Дверь в изолятор – обычная железная дверь, только навешана она наоборот – шпингалетами наружу и глазком навыверт, чтобы в квартиру смотреть, а не на лестничную клетку.
– Слышь, Вань… Тут такое дело. Мне к этому надо… К отцу этому. К Даниилу.
Воронцов кривит рожу.
– Ага. Канешн. Я тебя к этому отцу пущу, а мне потом тот вставит. Прогуляйся.
– Реально, Вань. Ты че, дурак? Я не скажу тому ничего, мне же первому влетит! Пусти, а? Я по-бырому, минут десять пошептаться.
– Пойди с писюном своим пошепчись.
Вот выправка, блин. Железная. Егор вздыхает, лезет в рюкзак. Достает банку. Воронцов приглядывается и сглатывает.
– Это че?
– Тушенка, че.
– Так, и че?
– Тебе, блин, че. Приз-сюрприз.
Воронцов хочет сказать «нет», но не может отвести глаз от банки. Он такой же несчастный и истасканный, как и все остальные на Посту. Щеки втянулись, скулы торчат.
– Аргумент.
– Ну вот. Десять минут.
– А как ты с ним собрался болтать, если он глухой?
– Ну… Как-нибудь. Просто послушаю, что он скажет.
– Скажет о чем?
Егор прикидывает. Изображает сомнение. Изображает решимость.
– Ну про Кольцова и про этого, про Цигаля. Что он там думает. Он же говорит вон, что Сатана и вот эта вся параша. Хочу послушать. А то я пропустил же все…
Воронцов все смотрит на банку – с ней и разговаривает.
– А если он не захочет с тобой говорить? Если кипеж поднимет?
– Да че кипеж-то! Спрошу просто…
– Ну хер знает.
Ваня жует щеку, дергает волос из короткой бороды. Потом спрашивает – уже у Егора, а не у тушенки:
– А ты сам вообще как? За или против?
– За кого?
Воронцов делает усталую гримасу – ну что ты, мол, Егор, как целочка?
– Ну за батюшку или против?
– Я за…
Егор думает посмеяться, но колеблется. За или против? А если за батюшку, то против кого это?
– Сам за себя.
– Разумно. Вот и я сам за себя.
Ваня делает ему знак замолчать, слушает голоса во дворе – не в подъезд ли идут? Протягивает руку за тушенкой.

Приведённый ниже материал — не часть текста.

(* Let $K^{(1)},K^{(2)}$ be independent fractal percolations on $I=[0,1]$ with the same parameters $M\in\mathbb{N}_{\geq2}$ and $p\in(0,1]$, with construction steps $K_n^{(i)}$, and let $D_n^{(i)}:=\overline{I\setminus K_n^{(i)}}$. Then for any $n\in\mathbb{N}_0$, $$\mathbb{E}V_1(D_n^{(1)}\cap D_n^{(2)})=1-2\mathbb{E}V_1(K_n^{(1)})+\mathbb{E}V_1(K_n^{(1)}\cap K_n^{(2)}),$$ $$\mathbb{E}V_0(D_n^{(1)}\cap D_n^{(2)})=2\mathbb{E}V_0(K_n^{(1)})-\mathbb{E}V_0(K_n^{(1)}\cap K_n^{(2)})+\mathbb{E}N(K_n^{(1)}\cap K_n^{(2)})+1-4p^n+2p^{2n}.$$ Moreover, $\mathbb{E}V_1(D_n^{(1)})=1-\mathbb{E}V_1(K_n^{(1)})$ and $\mathbb{E}V_0(D_n^{(1)})=\mathbb{E}V_0(K_n^{(1)})+1-2p^n$.
   Context: Fractal percolation on $[0,1]$: $K_0=[0,1]$; given $K_{n-1}$, a union of closed grid intervals of length $M^{-(n-1)}$, each is divided into $M$ closed subintervals of length $M^{-n}$, each kept independently (of everything else) with probability $p$; $K_n$ is the union of kept subintervals. $\overline{A}$ denotes closure; $V_1$ is length, $V_0$ the number of connected components, and $N(A)$ the number of isolated points of $A$. *)

theory Defs
  imports "HOL-Analysis.Analysis" "HOL-Probability.Probability" "HOL-Probability.Product_PMF"
begin

definition grid_cell :: "nat \<Rightarrow> nat \<Rightarrow> nat \<Rightarrow> real set" where
  "grid_cell M n j = {real j / real M ^ n .. (real j + 1) / real M ^ n}"

text \<open>Index set of the Bernoulli variables used up to step n:
  (k, j) with 1 <= k <= n and j < M^k, one for each grid interval of level k.\<close>
definition perc_index :: "nat \<Rightarrow> nat \<Rightarrow> (nat \<times> nat) set" where
  "perc_index M n = {(k, j). 1 \<le> k \<and> k \<le> n \<and> j < M ^ k}"

definition perc_pmf :: "nat \<Rightarrow> real \<Rightarrow> nat \<Rightarrow> (nat \<times> nat \<Rightarrow> bool) pmf" where
  "perc_pmf M p n = Pi_pmf (perc_index M n) False (\<lambda>_. bernoulli_pmf p)"

text \<open>Construction step K_n: union of level-n grid intervals all of whose
  ancestors (at levels 1..n, including itself) were kept.
  The level-k ancestor of the level-n interval j is j div M^(n-k).\<close>
definition perc_K :: "nat \<Rightarrow> nat \<Rightarrow> (nat \<times> nat \<Rightarrow> bool) \<Rightarrow> real set" where
  "perc_K M n \<omega> = \<Union> {grid_cell M n j | j. j < M ^ n \<and>
      (\<forall>k \<in> {1..n}. \<omega> (k, j div M ^ (n - k)))}"

definition perc_D :: "nat \<Rightarrow> nat \<Rightarrow> (nat \<times> nat \<Rightarrow> bool) \<Rightarrow> real set" where
  "perc_D M n \<omega> = closure ({0..1} - perc_K M n \<omega>)"

definition V1 :: "real set \<Rightarrow> real" where
  "V1 A = measure lborel A"

definition V0 :: "real set \<Rightarrow> real" where
  "V0 A = real (card (components A))"

definition Niso :: "real set \<Rightarrow> real" where
  "Niso A = real (card {x \<in> A. \<not> x islimpt A})"

end

(* A realisation of K_n is the union of the level-n grid intervals selected by a Boolean vector,
   and D_n is the union of the complementary intervals. All four identities therefore hold for
   every (pair of) selection(s), with the terms in p replaced by the indicators that the first and
   the last interval are removed. For lengths this is inclusion-exclusion in [0,1], the closure in
   D_n only adding null grid points. For component counts one counts components by their left
   endpoints and telescopes over the grid intervals; the isolated points of the intersection of
   the two K_n and the endpoints 0 and 1 supply the boundary terms. Taking expectations then only
   needs that an interval survives n steps with probability p^n, independently for the two
   percolations. *)

theory Submission
  imports Defs
begin

section \<open>Components of unions of closed sets\<close>

lemma connected_subset_closed_Un_disjoint:
  fixes X Y C :: "'a::topological_space set"
  assumes "closed X" "closed Y" "X \<inter> Y = {}" "connected C" "C \<subseteq> X \<union> Y"
  shows "C \<subseteq> X \<or> C \<subseteq> Y"
  using connected_closedD[OF assms(4) _ assms(5) assms(1,2)] assms(3,5) by blast

lemma components_Un_closed_disjoint:
  fixes X Y :: "'a::topological_space set"
  assumes XY: "closed X" "closed Y" "X \<inter> Y = {}"
  shows "components (X \<union> Y) = components X \<union> components Y"
proof -
  have component_of_Un: "C \<in> components (X \<union> Y)"
    if C: "C \<in> components X" and "closed X" "closed Y" "X \<inter> Y = {}" for X Y C :: "'a set"
    unfolding in_components_maximal
  proof (intro conjI allI impI)
    fix D assume D: "D \<noteq> {} \<and> C \<subseteq> D \<and> D \<subseteq> X \<union> Y \<and> connected D"
    have "\<not> D \<subseteq> Y"
      using D in_components_subset[OF C] in_components_nonempty[OF C] \<open>X \<inter> Y = {}\<close> by blast
    then have "D \<subseteq> X"
      using connected_subset_closed_Un_disjoint[OF that(2-4)] D by blast
    then show "D = C" using C D unfolding in_components_maximal by blast
  qed (use in_components_nonempty[OF C] in_components_subset[OF C] in_components_connected[OF C]
      in auto)
  show ?thesis
  proof (intro equalityI subsetI)
    fix C assume C: "C \<in> components (X \<union> Y)"
    then have "C \<subseteq> X \<or> C \<subseteq> Y"
      using connected_subset_closed_Un_disjoint[OF XY] in_components_connected in_components_subset
      by metis
    then show "C \<in> components X \<union> components Y"
      using components_intermediate_subset[OF C] by blast
  next
    fix C assume "C \<in> components X \<union> components Y"
    then show "C \<in> components (X \<union> Y)"
      using component_of_Un[of C X Y] component_of_Un[of C Y X] XY
      by (auto simp: Un_commute Int_commute)
  qed
qed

И забрав ее уже, шепотом предупреждает Егора:
– Гляди, если он не захочет с тобой болтать, я чур ни при чем.
– Можешь себе ее оставить.
– Ну, ок. Только ты это, не шуми там, а то внизу соседи все слышат.
Он тихонько отодвигает шпингалеты, прокручивает ключ в замке и отводит дверь в сторону, чуть приподнимая ее на петлях, чтобы не скрипела.
– Это, Егор… А откуда тушенка-то? Кончилась же вроде…
– Кончилась, но не до конца…
Егор говорит уже, что попало – этот уровень уже пройден, голова занята тем, что дальше.
За открытой дверью виден полутемный коридор.
В проеме стоит человек. Лицом к Егору. Руки скрещены на груди. Ждет.
7.
Воронцов прикрывает дверь за его спиной так тихо, что Егор даже на сразу осознает, что его заперли с этим человеком наедине. А когда до него это доходит, то идиотский его страх возвращается к нему.
– Крестник мой пришел.
Отец Даниил улыбается ему ободряюще, и Егор чувствует, как ненависть изжогой подкатывает откуда-то из глубины его потрохов к горлу и перебивает страх.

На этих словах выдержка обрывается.